Börsen-Bericht

Dax fällt und fällt – Deutsche Bank verliert kräftig

Unruhe an der Börse: Anleger fürchten wegen Schuldendrama Kollaps des Finanzsystems. Am stärksten betroffen: die Aktien der Deutschen Bank.

Wer derzeit am Aktienmarkt aktiv ist, braucht Nerven wie Drahtseile. Zu den Sorgen um einen Staatsbankrott Griechenlands gesellten sich am Dienstag auch Befürchtungen, der europäische Finanzsektor könnte infolge der Schuldenkrise auf einen Kollaps zusteuern.

Der Dax notierte zeitweise 3,7 Prozent schwächer bei 5178 Punkten, der europäische Stoxx50E gab um 3,4 Prozent nach. Auch der Euro musste Federn lassen und notierte mit bis zu 1,3144 Dollar auf dem niedrigsten Stand seit neun Monaten.
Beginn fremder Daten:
lemma N_PR_imp_dvd_exponents:
  fixes E :: "('g::topological_ab_group_add \<Rightarrow> complex) set"
    and \<gamma> :: "nat \<Rightarrow> 'g \<Rightarrow> complex" and m :: "nat \<Rightarrow> int"
  assumes PR: "N_PR N E" and "N \<ge> 1"
    and inj: "inj_on \<gamma> {..<n}" and sub: "\<gamma> ` {..<n} \<subseteq> E"
    and relation: "\<forall>x. (\<Prod>i<n. \<gamma> i x powi m i) = 1" and "j < n"
  shows "int N dvd m j"
proof -
  define \<omega> where "\<omega> = cis (2 * pi / N)"
  define \<phi> where "\<phi> g = (if g = \<gamma> j then \<omega> else 1)" for g :: "'g \<Rightarrow> complex"
  have "\<forall>g\<in>E. \<phi> g \<in> roots_of_unity N"
    using cis_2pi_div_power[OF \<open>N \<ge> 1\<close>] by (simp add: \<phi>_def \<omega>_def roots_of_unity_def)
  then obtain x where x: "\<forall>g\<in>E. \<phi> g = g x"
    using PR[unfolded N_PR_def, rule_format, of \<phi>] by blast
  have factor: "\<gamma> i x powi m i = (if i = j then \<omega> powi m j else 1)" if "i < n" for i
  proof -
    have "\<gamma> i = \<gamma> j \<longleftrightarrow> i = j"
      using inj_onD[OF inj, of i j] that \<open>j < n\<close> by auto
    moreover have "\<gamma> i \<in> E" using sub that by auto
    ultimately have "\<gamma> i x = (if i = j then \<omega> else 1)"
      using x unfolding \<phi>_def by metis
    then show ?thesis by simp
  qed
  have "(\<Prod>i<n. \<gamma> i x powi m i) = (\<Prod>i<n. if i = j then \<omega> powi m j else 1)"
    using factor by (intro prod.cong) auto
  also have "\<dots> = \<omega> powi m j"
    using \<open>j < n\<close> by (subst prod.delta) auto
  finally have "(\<Prod>i<n. \<gamma> i x powi m i) = \<omega> powi m j" .
  then show ?thesis
    using relation cis_2pi_div_powi_eq_1_imp_dvd[OF \<open>N \<ge> 1\<close>] by (simp add: \<omega>_def)
qed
Geschürt wurden die Ängste vor allem durch das belgisch-französische Bankinstitut Dexia , das wegen seines starken Griechenland-Engagements in die Bredouille geraten ist und laut einem Medienbericht nun vor der Aufspaltung steht.

„Das Schicksal und der Kursabsturz von Dexia sind für viele Anleger ein schlechtes Omen – sie fürchten, dass es einigen europäischen Finanzinstituten ähnlich gehen könnte“, sagte ein Händler. Die Aktie fiel um mehr als 37 Prozent, der europäische Bankenindex notierte bis zu 4,5 Prozent schwächer.

Am deutschen Aktienmarkt litten die Finanzwerte ebenfalls - die Papiere der Deutsche Bank rutschten allerdings besonders deutlich ab, weil die Bank das für 2011 angepeilte Gewinnziel von zehn Milliarden Euro gekippt hat.

Die Absicherung eines zehn Millionen Euro schweren Kredits an das größte deutsche Kreditinstitut per Credit Default Swap (CDS) verteuerte sich am Dienstag um 21.000 auf 212.000 Euro, teilte der Datenanbieter Markit mit.

Allerdings hätten zuvor bereits etliche Investoren bezweifelt, dass die Deutsche Bank ihr ehrgeiziges Ziel eines Gewinns von zehn Milliarden Euro erreichen werde, sagte ein Börsianer. „Jetzt ist die Katze aus dem Sack und die Anleger wissen was Sache ist, das dürfte tendenziell wieder mehr Ruhe in die Aktie bringen.“

Angst vor einer neuen Finanzkrise

„Die Politiker müssen jetzt hinter den Banken stehen und das System am Leben halten. Andernfalls droht uns eine neue Finanzkrise“, sagte Justin Urquhart Stewart, Analyst bei Seven Investment Management. In den vergangenen Wochen war verstärkt darüber spekuliert worden, dass Dexia – einer der größten ausländischen Besitzer griechischer Staatsanleihen - aufgespalten werden könnte oder erneut vor dem Zusammenbruch gerettet werden muss.

Der weltweit größte Kommunalkreditfinanzierer war in der Finanzkrise 2008 nach einem Verlust von 3,3 Milliarden Euro von Frankreich, Belgien und Luxemburg vor der Pleite gerettet worden. Am Dienstag kündigten Frankreich und Belgien an, die Finanzierung des angeschlagenen Instituts sicherzustellen.

Für zusätzliche Unruhe sorgte, dass es bei der Auszahlung der nächsten Hilfstranche aus dem Rettungspaket an Griechenland zu Verzögerungen kommt . Da der Bericht der Troika von EU, EZB und IWF nicht früher vorliege, könne eine Entscheidung nicht wie bisher gedacht schon Mitte Oktober fallen, erklärte Eurogruppen-Chef Jean-Claude Juncker in der Nacht zum Dienstag. Er zeigte sich jedoch zuversichtlich, dass es zur Auszahlung kommt.

„Der Markt ist extrem verunsichert,“ sagte Jane Foley, Analystin bei der Rabobank. Die Anleger fürchteten vor allem die Ansteckungsgefahren, die eine Pleite Griechenlands für andere europäische Staaten mit sich bringen könnte.

Viele Investoren suchten angesichts der großen Nervosität ihr Heil in Gold . Der Preis des Edelmetalls verteuerte sich um 0,9 Prozent auf 1670 Dollar je Feinunze. „Gold kann derzeit wieder von seinem Ruf als sicherer Hafen in Krisenzeiten profitieren“, sagte Commerzbank-Analyst Eugen Weinberg.